In the material below, identify each line bearing the word "fixes". Reproduce those lines.
[Entries supplied — start]
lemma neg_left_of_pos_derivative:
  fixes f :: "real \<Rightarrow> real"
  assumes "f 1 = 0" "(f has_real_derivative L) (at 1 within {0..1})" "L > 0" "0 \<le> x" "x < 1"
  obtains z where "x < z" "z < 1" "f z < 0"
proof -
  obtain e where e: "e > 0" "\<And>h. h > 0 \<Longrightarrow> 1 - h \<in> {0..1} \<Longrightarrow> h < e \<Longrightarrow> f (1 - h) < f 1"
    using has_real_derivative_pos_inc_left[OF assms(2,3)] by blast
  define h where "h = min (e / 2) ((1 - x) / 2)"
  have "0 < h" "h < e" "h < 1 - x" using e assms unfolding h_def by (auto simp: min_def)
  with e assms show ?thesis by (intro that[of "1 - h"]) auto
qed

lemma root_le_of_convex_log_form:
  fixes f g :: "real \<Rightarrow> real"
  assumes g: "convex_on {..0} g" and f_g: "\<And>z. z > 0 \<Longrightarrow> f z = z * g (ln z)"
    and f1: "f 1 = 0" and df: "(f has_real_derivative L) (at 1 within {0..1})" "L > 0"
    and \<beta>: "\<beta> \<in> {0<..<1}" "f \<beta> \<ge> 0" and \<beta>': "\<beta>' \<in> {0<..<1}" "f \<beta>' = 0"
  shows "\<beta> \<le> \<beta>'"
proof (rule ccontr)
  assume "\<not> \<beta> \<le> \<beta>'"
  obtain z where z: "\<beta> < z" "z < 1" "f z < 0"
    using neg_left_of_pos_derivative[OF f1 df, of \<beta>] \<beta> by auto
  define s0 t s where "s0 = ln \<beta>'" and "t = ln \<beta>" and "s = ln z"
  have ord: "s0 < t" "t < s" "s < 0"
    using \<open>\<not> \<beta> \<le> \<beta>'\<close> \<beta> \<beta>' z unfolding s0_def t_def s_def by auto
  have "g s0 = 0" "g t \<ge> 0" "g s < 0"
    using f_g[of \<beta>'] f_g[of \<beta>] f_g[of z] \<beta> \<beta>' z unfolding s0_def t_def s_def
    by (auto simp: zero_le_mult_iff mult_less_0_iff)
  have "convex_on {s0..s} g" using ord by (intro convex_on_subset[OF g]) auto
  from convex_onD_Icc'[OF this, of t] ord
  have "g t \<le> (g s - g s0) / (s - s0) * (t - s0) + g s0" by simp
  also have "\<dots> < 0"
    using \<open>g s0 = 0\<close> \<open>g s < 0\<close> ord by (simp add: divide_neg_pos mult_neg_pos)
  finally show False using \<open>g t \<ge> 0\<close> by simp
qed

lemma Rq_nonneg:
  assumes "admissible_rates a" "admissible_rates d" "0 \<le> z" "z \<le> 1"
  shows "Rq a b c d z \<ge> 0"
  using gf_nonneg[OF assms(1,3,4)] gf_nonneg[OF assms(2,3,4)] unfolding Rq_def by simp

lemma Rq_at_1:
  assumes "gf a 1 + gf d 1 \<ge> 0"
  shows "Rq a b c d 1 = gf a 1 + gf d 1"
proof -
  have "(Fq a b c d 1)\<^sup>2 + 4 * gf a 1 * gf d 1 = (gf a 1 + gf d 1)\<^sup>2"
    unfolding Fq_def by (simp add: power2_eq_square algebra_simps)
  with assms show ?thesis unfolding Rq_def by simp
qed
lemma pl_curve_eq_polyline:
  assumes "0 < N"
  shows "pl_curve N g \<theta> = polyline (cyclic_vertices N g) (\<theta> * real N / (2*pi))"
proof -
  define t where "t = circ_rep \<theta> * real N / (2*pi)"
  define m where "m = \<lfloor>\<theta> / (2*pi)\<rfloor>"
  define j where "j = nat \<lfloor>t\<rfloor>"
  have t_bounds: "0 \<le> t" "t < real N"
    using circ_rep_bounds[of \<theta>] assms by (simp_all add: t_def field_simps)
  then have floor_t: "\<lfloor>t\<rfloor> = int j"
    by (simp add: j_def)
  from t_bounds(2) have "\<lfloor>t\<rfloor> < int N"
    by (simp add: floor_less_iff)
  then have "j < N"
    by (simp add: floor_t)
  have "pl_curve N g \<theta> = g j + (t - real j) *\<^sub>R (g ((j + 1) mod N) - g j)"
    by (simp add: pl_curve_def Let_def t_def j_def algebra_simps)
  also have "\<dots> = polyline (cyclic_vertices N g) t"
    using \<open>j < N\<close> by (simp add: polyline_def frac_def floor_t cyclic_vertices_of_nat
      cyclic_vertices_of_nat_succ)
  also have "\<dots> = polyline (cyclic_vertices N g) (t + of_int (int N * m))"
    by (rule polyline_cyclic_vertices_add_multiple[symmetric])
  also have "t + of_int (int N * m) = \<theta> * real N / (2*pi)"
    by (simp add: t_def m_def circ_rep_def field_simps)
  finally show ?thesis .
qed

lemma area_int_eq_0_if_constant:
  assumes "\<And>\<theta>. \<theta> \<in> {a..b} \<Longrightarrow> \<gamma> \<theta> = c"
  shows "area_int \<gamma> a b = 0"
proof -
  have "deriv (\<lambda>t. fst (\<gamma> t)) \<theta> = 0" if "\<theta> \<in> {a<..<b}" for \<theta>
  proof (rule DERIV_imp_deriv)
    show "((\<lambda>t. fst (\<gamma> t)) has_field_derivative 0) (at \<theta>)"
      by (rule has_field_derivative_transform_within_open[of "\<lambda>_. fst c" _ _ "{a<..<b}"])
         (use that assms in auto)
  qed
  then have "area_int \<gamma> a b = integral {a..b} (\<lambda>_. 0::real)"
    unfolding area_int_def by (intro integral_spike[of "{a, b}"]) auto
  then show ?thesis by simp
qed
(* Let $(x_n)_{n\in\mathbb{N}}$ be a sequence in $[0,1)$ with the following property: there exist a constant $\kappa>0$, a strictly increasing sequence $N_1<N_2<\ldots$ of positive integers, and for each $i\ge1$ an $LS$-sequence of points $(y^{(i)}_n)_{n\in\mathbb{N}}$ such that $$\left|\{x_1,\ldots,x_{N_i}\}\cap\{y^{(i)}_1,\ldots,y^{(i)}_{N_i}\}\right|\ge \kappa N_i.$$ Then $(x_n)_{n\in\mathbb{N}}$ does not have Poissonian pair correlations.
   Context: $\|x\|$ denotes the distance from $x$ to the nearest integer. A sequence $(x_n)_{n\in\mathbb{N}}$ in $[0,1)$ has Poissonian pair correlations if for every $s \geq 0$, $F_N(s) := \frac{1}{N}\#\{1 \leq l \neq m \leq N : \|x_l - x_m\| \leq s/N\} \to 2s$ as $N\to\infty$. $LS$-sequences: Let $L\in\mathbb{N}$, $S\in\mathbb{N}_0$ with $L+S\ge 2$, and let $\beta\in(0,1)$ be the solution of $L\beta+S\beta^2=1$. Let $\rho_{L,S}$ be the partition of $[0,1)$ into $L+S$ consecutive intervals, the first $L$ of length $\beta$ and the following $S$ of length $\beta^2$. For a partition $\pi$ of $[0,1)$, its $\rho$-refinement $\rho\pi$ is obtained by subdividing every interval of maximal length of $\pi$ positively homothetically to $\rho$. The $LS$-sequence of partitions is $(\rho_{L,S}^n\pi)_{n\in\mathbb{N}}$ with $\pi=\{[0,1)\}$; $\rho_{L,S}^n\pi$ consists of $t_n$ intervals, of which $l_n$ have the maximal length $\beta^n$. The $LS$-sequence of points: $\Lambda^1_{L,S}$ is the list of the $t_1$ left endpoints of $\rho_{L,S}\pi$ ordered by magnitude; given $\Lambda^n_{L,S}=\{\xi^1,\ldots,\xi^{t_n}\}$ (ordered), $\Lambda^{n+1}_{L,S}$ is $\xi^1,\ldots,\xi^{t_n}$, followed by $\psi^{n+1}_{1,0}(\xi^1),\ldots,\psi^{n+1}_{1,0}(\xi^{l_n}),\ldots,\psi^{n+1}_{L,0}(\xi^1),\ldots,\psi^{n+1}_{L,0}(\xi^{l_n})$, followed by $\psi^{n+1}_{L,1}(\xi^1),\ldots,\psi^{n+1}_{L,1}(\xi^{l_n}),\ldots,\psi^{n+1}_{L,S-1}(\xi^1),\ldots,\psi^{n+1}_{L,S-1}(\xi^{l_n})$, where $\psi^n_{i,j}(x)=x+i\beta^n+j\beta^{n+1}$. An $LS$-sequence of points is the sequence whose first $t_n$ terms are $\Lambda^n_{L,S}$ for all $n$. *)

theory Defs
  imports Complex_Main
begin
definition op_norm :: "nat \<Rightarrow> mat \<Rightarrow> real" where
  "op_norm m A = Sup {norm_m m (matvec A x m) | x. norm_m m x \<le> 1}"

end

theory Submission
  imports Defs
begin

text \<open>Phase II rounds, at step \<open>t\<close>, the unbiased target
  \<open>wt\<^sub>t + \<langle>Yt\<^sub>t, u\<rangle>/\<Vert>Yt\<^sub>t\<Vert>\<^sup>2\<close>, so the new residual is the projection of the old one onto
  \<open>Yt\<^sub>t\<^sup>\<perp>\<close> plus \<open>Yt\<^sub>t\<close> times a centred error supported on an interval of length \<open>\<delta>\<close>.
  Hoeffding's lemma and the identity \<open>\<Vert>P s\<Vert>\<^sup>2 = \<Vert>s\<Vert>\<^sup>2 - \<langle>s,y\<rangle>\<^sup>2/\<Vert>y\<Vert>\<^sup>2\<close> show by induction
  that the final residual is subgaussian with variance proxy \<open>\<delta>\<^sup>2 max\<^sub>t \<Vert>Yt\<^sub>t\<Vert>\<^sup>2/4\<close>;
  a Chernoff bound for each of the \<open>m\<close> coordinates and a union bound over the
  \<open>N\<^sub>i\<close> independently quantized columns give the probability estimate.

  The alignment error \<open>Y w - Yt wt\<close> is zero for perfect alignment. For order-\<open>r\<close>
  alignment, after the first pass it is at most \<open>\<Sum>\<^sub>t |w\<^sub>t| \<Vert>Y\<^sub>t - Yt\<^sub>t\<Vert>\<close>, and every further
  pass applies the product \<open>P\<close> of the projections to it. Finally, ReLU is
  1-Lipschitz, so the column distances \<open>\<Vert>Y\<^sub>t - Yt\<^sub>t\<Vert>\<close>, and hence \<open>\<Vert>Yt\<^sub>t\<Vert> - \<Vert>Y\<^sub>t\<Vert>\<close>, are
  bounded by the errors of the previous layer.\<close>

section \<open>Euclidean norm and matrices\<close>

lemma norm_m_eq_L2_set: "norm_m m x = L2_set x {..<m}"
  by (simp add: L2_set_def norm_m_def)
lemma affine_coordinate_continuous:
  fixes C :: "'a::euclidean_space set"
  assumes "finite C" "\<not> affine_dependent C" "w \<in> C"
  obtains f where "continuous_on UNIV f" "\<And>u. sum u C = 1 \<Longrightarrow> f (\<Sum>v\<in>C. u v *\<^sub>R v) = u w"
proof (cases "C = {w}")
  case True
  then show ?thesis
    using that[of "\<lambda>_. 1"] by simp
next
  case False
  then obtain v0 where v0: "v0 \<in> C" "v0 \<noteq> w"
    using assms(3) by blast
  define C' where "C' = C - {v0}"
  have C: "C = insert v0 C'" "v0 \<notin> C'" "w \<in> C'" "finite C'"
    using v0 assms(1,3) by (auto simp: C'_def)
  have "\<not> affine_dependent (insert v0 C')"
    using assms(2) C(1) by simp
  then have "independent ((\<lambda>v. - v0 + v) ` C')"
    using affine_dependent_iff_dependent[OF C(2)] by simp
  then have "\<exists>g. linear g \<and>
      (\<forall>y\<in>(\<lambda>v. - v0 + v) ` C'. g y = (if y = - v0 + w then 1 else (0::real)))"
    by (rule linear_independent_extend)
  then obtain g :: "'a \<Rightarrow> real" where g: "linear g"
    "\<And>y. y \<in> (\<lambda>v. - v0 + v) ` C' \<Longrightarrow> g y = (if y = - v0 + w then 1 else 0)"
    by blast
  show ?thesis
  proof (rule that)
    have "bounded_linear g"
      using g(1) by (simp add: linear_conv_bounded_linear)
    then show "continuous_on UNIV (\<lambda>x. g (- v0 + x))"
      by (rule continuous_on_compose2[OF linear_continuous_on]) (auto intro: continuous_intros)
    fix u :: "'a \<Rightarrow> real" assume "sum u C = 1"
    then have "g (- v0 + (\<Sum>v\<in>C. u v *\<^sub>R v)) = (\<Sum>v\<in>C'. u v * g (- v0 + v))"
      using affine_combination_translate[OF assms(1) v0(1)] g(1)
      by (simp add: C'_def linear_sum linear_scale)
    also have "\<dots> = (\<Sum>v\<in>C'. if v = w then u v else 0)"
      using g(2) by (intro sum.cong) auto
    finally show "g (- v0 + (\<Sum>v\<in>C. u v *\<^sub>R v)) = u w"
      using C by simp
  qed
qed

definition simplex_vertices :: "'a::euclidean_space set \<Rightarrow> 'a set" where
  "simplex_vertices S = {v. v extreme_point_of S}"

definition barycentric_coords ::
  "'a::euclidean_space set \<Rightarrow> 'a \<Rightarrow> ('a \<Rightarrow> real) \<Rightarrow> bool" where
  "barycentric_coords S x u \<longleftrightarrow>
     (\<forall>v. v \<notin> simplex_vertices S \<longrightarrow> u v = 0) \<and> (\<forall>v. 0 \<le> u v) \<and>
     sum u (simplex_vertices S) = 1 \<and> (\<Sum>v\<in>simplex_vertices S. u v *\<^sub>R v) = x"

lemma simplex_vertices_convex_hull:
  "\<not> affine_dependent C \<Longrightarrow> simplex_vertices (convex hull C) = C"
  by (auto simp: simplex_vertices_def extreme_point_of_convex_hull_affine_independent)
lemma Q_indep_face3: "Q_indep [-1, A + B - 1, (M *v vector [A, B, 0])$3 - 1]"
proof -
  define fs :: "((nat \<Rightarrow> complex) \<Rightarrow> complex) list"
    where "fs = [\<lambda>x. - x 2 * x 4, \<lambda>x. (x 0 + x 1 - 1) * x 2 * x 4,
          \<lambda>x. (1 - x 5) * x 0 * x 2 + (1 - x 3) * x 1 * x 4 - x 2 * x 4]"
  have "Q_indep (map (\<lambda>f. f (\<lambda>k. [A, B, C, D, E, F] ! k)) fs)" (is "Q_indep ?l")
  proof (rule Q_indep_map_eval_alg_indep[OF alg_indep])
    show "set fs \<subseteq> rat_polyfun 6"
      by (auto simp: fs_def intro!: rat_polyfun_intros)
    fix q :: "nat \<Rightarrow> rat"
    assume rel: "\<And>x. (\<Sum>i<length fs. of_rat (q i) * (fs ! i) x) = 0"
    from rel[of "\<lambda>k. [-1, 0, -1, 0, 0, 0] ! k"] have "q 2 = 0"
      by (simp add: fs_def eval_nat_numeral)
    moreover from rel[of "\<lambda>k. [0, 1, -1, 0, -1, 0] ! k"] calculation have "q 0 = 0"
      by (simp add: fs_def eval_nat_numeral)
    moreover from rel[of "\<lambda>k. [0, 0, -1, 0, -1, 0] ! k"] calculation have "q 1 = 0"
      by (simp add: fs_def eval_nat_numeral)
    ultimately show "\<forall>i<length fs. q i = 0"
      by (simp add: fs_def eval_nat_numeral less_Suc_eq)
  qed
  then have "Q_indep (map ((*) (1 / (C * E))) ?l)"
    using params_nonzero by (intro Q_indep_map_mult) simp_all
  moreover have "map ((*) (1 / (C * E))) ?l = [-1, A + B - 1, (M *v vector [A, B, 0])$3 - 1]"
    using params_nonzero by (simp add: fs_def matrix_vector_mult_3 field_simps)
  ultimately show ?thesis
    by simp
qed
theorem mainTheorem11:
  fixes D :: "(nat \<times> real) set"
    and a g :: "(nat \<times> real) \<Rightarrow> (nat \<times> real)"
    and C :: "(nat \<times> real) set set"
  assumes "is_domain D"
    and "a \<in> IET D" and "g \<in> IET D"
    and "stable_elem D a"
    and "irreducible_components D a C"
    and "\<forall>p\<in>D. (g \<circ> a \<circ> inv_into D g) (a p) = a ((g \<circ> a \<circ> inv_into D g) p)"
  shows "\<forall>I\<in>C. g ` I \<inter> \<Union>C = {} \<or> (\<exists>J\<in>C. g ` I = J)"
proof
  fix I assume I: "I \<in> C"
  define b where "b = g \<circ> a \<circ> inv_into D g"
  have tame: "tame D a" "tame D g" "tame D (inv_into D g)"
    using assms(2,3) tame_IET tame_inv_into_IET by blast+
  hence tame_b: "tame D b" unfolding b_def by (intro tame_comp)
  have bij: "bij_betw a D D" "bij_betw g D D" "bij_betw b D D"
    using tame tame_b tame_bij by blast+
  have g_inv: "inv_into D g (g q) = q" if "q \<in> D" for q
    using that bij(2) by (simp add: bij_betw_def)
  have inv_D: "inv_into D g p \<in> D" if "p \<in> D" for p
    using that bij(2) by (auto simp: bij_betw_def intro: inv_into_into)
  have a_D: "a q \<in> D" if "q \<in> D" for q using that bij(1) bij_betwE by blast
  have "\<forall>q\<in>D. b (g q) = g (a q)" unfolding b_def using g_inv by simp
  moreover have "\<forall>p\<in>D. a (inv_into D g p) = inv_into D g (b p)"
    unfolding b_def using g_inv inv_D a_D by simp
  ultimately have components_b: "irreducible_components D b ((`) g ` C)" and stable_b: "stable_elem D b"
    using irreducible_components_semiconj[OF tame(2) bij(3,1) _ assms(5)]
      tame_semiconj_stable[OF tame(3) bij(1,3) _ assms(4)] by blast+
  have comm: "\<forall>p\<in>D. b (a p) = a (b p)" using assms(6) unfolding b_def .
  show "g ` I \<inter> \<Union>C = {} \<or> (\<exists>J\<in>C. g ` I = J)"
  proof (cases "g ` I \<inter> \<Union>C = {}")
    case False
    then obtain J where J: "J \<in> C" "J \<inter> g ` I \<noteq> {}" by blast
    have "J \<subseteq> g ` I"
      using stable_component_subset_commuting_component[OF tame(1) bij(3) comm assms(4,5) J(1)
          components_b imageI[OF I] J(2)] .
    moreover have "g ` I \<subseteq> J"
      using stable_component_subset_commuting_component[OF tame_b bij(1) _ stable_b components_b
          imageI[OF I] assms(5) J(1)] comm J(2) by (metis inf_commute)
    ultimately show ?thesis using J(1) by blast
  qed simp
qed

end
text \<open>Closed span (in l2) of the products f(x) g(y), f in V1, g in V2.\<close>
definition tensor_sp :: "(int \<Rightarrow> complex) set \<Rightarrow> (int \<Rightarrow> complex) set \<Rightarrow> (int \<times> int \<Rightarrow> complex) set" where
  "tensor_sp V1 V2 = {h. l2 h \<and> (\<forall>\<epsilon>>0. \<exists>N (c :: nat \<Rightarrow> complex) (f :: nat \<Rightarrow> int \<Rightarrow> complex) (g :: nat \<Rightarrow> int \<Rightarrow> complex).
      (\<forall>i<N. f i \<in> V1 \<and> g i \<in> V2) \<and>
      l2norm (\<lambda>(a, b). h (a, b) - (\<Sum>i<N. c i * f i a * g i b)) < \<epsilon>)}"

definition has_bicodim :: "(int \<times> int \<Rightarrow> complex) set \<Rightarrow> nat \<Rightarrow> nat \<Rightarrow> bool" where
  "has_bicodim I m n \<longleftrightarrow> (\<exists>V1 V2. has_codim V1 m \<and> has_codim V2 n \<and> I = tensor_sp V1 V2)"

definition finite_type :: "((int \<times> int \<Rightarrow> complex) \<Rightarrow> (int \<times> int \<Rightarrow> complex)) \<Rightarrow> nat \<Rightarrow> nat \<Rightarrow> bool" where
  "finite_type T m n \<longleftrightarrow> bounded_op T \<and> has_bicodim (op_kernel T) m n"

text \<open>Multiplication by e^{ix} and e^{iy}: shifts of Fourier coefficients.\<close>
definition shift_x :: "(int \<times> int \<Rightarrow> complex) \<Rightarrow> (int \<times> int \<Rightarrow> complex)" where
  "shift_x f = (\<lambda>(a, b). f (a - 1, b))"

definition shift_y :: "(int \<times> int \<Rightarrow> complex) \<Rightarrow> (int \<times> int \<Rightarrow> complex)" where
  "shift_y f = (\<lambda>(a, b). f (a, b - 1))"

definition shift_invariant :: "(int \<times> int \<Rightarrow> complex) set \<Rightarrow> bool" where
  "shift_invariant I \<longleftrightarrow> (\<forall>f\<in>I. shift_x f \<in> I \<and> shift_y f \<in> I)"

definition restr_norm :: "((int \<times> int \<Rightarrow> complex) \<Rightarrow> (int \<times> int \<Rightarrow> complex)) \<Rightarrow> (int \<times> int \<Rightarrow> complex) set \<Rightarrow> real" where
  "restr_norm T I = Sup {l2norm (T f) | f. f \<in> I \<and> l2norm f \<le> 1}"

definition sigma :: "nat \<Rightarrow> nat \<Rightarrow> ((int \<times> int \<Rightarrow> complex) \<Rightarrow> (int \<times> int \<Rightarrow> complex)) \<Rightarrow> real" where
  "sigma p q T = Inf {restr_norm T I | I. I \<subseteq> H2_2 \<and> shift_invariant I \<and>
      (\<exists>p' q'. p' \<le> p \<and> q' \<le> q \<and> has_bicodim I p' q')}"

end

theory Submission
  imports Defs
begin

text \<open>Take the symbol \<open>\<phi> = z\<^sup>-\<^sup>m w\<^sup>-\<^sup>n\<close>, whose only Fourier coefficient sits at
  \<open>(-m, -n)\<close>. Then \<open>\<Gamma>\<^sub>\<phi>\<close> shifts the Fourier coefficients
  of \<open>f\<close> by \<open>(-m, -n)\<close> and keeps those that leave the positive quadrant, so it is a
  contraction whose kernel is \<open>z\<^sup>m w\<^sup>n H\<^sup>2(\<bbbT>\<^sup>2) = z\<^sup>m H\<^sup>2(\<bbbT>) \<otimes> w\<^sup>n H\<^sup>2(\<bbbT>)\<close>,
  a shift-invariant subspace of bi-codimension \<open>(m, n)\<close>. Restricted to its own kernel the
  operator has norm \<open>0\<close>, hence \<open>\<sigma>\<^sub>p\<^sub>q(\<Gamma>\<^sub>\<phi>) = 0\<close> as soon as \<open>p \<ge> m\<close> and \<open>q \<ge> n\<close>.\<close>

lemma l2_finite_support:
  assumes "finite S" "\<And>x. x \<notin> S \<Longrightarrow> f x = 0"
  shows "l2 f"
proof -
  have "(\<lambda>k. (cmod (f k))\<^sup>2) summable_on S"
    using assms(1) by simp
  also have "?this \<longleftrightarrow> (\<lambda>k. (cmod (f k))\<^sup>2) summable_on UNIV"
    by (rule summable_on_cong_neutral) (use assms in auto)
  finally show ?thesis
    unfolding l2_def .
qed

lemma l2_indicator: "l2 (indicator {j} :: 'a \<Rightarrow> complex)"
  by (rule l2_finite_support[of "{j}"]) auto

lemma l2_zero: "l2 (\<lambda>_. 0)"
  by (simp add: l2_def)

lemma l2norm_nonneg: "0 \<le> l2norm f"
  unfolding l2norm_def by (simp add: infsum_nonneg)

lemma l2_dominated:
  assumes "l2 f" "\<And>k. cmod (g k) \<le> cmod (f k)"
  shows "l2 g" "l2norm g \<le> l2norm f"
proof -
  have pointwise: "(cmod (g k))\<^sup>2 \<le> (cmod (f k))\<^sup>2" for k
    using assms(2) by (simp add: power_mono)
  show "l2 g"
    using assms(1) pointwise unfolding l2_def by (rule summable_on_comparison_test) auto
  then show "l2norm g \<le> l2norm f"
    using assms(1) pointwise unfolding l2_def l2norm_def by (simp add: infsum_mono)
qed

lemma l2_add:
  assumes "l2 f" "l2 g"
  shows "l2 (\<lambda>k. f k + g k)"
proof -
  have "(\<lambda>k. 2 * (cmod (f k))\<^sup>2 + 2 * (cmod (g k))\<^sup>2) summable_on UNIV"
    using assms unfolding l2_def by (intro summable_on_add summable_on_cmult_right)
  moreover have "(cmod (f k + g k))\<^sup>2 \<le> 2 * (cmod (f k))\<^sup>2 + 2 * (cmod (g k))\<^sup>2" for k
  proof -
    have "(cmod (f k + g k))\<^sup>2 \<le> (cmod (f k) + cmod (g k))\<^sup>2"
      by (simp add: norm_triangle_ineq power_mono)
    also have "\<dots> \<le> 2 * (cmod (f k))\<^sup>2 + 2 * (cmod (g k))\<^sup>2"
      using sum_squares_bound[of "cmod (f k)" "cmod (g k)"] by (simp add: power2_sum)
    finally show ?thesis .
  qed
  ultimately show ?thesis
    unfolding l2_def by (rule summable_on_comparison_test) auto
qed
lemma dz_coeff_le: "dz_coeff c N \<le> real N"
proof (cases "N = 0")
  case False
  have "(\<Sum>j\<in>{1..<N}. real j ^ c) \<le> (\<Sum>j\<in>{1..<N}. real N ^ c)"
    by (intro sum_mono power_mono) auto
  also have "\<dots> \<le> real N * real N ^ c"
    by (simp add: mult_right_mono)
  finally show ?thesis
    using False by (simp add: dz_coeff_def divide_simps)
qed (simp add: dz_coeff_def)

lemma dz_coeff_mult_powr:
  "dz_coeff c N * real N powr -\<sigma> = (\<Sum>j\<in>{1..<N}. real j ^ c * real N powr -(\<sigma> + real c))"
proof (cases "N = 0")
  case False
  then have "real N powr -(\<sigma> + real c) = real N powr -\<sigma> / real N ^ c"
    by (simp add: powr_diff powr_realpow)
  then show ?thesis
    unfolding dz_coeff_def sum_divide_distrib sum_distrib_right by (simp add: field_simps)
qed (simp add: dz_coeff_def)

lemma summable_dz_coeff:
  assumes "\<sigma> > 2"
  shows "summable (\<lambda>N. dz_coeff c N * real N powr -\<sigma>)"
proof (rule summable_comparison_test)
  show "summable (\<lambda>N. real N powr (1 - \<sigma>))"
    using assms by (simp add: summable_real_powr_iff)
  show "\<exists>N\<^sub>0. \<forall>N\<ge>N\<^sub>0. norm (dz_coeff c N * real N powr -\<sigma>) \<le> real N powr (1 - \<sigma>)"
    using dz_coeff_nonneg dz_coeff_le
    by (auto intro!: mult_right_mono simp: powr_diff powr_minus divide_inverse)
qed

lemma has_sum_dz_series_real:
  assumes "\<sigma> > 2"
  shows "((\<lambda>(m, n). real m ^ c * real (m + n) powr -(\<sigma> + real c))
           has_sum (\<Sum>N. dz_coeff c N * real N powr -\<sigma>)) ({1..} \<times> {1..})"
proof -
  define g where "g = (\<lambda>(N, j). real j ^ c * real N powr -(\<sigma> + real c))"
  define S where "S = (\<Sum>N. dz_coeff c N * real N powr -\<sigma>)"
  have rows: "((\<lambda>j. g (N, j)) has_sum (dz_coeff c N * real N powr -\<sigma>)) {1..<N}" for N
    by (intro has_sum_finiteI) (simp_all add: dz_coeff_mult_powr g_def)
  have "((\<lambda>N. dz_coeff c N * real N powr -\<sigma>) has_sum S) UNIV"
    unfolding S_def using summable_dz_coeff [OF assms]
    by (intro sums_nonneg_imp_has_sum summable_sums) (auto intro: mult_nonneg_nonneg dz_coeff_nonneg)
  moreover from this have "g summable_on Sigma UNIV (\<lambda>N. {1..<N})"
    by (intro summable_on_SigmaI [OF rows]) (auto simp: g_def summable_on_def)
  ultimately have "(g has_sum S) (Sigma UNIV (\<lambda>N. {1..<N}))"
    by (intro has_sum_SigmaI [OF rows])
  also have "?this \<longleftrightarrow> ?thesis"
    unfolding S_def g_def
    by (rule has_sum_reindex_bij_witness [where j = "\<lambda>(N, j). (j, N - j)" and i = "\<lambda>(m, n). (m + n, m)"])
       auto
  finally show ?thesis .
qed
[Entries supplied — finish]
* Result of this task:
  fixes f :: "real \<Rightarrow> real"
  fixes f g :: "real \<Rightarrow> real"
  fixes C :: "'a::euclidean_space set"
  fixes D :: "(nat \<times> real) set"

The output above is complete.